◆ PROBLEM DESCRIPTION ◆
From the records below, find each line with the string "also" and copy it.

--- START ---

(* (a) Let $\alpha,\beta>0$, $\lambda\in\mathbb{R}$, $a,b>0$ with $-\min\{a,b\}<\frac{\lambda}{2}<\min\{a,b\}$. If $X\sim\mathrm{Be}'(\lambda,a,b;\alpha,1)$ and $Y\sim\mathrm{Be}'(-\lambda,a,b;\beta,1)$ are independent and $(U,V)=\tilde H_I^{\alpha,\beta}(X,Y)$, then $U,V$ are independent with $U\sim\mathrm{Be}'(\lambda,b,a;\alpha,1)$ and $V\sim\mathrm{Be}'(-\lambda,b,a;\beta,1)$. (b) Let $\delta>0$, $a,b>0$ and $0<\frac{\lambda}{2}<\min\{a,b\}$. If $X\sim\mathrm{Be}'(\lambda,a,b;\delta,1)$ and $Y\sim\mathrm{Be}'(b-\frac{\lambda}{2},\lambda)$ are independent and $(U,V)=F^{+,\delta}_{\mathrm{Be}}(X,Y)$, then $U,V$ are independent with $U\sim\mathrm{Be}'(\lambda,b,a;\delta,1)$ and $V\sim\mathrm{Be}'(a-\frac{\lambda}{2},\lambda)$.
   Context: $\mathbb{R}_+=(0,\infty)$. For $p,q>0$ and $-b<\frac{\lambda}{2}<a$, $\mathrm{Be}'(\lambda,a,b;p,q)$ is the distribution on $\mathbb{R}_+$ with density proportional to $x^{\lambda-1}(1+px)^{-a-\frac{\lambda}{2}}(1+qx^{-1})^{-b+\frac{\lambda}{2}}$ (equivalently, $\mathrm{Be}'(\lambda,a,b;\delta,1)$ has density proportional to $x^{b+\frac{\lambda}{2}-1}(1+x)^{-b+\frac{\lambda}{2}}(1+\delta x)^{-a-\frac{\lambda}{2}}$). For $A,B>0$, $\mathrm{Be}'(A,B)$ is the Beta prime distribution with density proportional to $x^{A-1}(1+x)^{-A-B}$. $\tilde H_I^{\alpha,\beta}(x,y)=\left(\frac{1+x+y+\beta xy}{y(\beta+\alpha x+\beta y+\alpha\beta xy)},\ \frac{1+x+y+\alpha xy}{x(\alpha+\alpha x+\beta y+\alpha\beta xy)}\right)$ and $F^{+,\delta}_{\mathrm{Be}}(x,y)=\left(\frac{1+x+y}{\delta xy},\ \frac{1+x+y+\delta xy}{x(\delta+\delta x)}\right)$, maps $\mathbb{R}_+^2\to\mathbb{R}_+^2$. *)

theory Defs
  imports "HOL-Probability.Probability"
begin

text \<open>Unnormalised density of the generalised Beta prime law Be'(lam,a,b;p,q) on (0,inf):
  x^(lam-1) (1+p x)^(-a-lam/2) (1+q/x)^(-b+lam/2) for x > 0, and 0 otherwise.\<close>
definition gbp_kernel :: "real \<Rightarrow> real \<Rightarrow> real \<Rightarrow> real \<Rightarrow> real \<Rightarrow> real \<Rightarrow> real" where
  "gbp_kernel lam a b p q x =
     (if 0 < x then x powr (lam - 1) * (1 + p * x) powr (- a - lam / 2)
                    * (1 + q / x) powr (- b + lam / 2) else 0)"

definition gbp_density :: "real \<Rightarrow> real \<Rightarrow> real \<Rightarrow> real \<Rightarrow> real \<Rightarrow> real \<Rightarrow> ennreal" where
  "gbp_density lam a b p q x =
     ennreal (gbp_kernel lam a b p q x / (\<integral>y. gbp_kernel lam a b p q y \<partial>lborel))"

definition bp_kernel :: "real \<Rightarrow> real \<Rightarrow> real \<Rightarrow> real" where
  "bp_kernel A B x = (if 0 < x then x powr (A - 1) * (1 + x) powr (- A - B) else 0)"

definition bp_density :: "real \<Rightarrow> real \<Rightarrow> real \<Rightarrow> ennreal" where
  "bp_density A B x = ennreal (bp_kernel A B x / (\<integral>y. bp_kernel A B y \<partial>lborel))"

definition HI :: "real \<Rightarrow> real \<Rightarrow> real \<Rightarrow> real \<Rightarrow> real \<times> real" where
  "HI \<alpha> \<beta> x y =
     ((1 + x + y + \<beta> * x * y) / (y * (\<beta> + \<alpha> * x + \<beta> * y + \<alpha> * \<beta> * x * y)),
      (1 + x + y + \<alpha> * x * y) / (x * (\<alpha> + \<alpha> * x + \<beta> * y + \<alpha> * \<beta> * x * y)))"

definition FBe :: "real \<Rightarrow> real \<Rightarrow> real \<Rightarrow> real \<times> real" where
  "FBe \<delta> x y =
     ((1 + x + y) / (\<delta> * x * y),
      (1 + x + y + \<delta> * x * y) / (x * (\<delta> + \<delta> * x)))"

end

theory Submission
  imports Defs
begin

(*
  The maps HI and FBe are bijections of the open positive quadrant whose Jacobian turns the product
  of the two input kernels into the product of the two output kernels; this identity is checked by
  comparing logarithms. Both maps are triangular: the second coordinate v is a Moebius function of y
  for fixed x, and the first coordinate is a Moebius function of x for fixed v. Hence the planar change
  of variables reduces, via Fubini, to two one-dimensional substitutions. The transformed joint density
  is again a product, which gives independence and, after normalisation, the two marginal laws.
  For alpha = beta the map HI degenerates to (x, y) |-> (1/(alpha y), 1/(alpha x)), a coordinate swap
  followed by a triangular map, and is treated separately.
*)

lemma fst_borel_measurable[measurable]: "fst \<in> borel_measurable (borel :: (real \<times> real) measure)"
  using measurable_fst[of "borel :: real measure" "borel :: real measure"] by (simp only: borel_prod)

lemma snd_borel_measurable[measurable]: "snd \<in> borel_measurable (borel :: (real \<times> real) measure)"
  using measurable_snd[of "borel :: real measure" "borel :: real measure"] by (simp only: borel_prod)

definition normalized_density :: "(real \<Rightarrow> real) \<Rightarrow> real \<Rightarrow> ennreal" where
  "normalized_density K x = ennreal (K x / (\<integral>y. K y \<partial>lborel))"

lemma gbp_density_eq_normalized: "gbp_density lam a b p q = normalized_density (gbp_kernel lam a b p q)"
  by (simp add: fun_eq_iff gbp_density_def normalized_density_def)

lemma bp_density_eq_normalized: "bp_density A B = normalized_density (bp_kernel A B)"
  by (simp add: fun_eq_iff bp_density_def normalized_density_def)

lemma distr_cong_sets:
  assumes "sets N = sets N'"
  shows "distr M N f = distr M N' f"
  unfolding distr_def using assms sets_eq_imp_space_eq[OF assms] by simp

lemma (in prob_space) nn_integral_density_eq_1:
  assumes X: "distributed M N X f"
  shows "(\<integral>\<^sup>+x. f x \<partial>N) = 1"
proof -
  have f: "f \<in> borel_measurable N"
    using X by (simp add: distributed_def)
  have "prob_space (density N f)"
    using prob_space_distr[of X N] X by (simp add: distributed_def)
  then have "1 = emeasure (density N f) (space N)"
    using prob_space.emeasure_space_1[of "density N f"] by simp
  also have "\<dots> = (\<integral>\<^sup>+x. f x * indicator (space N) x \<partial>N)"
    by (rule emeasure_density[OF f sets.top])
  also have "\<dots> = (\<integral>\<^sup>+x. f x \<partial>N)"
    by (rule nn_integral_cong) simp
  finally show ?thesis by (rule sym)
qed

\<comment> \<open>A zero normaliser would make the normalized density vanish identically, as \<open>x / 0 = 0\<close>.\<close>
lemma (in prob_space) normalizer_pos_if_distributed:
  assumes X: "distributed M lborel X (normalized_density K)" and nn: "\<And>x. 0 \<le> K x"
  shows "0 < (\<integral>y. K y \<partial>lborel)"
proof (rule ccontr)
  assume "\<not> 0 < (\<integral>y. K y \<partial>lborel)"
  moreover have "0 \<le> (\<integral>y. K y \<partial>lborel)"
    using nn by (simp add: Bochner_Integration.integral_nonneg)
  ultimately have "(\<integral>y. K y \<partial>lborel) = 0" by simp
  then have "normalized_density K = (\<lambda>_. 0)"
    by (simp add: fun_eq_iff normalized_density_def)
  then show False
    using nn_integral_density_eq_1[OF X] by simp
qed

--- END ---

◆ WRITTEN RESPONSE ◆
  also have "\<dots> = (\<integral>\<^sup>+x. f x * indicator (space N) x \<partial>N)"
  also have "\<dots> = (\<integral>\<^sup>+x. f x \<partial>N)"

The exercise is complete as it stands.